Exercise instructions: Set down a word-for-word copy of the data below, limited to the lines from the first through the line with "text \<open>Configurations are".

Data under study:
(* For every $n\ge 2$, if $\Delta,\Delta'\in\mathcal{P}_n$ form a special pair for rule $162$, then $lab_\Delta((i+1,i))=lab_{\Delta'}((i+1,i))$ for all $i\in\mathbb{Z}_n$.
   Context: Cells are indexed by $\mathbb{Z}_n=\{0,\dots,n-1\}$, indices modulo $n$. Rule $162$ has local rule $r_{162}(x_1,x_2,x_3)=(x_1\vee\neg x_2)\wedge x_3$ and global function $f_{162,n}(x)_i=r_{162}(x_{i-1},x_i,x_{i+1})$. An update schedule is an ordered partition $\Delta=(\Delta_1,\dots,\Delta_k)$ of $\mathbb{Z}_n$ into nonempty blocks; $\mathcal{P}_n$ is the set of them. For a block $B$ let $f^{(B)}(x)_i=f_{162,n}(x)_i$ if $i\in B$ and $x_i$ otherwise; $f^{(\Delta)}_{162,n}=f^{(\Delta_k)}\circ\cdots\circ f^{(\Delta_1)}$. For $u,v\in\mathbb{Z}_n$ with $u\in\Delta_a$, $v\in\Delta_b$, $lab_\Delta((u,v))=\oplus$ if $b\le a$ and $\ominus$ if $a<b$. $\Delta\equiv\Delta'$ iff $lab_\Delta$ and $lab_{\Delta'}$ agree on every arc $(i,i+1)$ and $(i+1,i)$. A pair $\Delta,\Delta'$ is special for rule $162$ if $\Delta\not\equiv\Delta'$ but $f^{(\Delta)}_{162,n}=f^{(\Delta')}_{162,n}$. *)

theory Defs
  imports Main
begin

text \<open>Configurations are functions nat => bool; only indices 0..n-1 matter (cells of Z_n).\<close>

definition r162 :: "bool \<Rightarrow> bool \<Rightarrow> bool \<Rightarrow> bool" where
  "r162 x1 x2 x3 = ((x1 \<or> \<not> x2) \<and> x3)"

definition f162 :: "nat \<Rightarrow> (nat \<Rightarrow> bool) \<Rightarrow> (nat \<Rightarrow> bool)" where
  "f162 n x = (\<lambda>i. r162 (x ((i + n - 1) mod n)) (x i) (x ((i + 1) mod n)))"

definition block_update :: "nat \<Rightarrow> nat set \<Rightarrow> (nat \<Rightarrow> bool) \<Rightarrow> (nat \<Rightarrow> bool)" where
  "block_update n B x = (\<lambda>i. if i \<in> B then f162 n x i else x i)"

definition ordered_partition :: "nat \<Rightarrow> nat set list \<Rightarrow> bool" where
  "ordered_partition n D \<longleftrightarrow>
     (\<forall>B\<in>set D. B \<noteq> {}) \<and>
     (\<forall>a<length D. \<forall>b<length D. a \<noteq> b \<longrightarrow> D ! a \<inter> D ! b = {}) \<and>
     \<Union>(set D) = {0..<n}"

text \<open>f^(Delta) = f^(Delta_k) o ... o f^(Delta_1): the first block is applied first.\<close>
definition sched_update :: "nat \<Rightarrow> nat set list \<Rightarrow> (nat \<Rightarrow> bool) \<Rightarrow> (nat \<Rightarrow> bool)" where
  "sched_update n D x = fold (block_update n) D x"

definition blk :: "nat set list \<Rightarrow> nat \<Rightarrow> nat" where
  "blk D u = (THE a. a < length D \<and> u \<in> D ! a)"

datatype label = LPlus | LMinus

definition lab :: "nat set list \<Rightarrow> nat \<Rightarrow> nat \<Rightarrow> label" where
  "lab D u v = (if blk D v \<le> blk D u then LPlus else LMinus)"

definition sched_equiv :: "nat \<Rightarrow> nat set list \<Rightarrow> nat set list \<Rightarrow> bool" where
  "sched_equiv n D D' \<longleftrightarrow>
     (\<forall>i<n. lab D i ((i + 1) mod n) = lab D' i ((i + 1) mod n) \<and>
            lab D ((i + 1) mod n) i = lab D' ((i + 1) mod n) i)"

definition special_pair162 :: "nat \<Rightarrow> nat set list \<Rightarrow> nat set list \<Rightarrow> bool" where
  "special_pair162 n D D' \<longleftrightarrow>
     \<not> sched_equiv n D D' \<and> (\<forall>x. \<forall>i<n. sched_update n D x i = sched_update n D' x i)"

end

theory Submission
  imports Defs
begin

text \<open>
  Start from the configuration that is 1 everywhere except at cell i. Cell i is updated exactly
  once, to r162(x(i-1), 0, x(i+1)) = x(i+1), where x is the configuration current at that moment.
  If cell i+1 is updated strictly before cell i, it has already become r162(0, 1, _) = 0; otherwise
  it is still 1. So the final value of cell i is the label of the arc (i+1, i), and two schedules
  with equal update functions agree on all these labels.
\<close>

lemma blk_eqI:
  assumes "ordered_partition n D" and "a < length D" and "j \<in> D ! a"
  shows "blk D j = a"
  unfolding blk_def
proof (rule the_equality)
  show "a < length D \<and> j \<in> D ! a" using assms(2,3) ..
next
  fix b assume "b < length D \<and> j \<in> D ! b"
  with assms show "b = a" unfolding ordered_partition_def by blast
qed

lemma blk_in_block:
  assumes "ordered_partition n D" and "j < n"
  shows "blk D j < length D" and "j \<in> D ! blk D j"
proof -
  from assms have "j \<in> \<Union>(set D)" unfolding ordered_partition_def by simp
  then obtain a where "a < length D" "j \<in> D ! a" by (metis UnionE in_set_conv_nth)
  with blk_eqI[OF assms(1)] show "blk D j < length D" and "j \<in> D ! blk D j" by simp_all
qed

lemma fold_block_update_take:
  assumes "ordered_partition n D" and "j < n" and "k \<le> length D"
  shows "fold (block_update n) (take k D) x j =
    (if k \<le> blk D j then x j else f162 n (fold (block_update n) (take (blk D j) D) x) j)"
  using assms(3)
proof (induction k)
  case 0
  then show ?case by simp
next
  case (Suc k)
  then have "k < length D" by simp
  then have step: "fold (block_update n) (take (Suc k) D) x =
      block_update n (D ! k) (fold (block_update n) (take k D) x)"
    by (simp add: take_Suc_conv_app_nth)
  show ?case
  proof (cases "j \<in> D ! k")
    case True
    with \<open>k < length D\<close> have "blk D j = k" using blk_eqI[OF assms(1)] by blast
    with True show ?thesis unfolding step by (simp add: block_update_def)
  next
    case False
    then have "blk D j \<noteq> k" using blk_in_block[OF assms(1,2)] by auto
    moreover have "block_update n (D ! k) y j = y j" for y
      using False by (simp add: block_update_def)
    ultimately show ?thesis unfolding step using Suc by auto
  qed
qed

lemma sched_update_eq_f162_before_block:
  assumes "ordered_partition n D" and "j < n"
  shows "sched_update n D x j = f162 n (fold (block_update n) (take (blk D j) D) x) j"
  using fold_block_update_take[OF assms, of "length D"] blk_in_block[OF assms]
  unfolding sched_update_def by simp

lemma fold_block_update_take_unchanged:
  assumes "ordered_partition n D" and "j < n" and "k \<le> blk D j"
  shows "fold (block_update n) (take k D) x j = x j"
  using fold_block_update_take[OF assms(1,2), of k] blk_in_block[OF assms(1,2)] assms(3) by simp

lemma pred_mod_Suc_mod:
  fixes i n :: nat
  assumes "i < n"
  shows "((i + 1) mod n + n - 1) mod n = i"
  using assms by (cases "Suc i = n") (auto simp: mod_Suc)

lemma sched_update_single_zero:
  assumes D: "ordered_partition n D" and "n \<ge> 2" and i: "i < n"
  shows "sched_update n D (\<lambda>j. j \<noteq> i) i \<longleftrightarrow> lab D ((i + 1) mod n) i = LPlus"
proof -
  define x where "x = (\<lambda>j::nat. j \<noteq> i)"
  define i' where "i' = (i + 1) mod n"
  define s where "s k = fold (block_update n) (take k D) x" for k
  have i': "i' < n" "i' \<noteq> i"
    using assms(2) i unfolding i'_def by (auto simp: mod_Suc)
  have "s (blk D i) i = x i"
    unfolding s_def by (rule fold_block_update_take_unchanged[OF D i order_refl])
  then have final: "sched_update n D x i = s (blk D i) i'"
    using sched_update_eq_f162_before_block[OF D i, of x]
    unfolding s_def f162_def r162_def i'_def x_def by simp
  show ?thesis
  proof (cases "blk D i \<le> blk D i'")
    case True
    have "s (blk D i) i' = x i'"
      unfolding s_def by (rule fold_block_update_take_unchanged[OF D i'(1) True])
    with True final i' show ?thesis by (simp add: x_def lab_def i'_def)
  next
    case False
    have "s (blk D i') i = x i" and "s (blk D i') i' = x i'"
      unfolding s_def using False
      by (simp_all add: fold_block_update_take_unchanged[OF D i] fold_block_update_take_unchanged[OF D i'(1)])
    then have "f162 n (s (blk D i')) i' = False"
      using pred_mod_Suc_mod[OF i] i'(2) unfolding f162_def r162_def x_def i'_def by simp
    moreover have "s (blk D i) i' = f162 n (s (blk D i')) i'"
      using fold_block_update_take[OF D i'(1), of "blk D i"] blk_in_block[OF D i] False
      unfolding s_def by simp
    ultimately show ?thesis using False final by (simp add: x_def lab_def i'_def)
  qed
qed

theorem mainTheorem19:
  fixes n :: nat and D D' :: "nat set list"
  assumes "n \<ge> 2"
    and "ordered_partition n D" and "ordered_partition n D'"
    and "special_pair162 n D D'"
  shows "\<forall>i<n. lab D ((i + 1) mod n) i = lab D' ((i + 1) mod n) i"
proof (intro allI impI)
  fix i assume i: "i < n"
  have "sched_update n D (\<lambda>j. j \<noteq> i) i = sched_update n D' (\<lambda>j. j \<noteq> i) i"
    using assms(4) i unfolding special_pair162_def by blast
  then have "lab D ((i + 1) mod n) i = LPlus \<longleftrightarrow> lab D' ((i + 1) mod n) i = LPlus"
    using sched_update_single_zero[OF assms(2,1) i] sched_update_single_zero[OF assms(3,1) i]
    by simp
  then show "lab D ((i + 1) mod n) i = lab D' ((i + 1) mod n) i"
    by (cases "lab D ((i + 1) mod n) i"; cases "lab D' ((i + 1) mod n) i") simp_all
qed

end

Solution:
(* For every $n\ge 2$, if $\Delta,\Delta'\in\mathcal{P}_n$ form a special pair for rule $162$, then $lab_\Delta((i+1,i))=lab_{\Delta'}((i+1,i))$ for all $i\in\mathbb{Z}_n$.
   Context: Cells are indexed by $\mathbb{Z}_n=\{0,\dots,n-1\}$, indices modulo $n$. Rule $162$ has local rule $r_{162}(x_1,x_2,x_3)=(x_1\vee\neg x_2)\wedge x_3$ and global function $f_{162,n}(x)_i=r_{162}(x_{i-1},x_i,x_{i+1})$. An update schedule is an ordered partition $\Delta=(\Delta_1,\dots,\Delta_k)$ of $\mathbb{Z}_n$ into nonempty blocks; $\mathcal{P}_n$ is the set of them. For a block $B$ let $f^{(B)}(x)_i=f_{162,n}(x)_i$ if $i\in B$ and $x_i$ otherwise; $f^{(\Delta)}_{162,n}=f^{(\Delta_k)}\circ\cdots\circ f^{(\Delta_1)}$. For $u,v\in\mathbb{Z}_n$ with $u\in\Delta_a$, $v\in\Delta_b$, $lab_\Delta((u,v))=\oplus$ if $b\le a$ and $\ominus$ if $a<b$. $\Delta\equiv\Delta'$ iff $lab_\Delta$ and $lab_{\Delta'}$ agree on every arc $(i,i+1)$ and $(i+1,i)$. A pair $\Delta,\Delta'$ is special for rule $162$ if $\Delta\not\equiv\Delta'$ but $f^{(\Delta)}_{162,n}=f^{(\Delta')}_{162,n}$. *)

theory Defs
  imports Main
begin

text \<open>Configurations are functions nat => bool; only indices 0..n-1 matter (cells of Z_n).\<close>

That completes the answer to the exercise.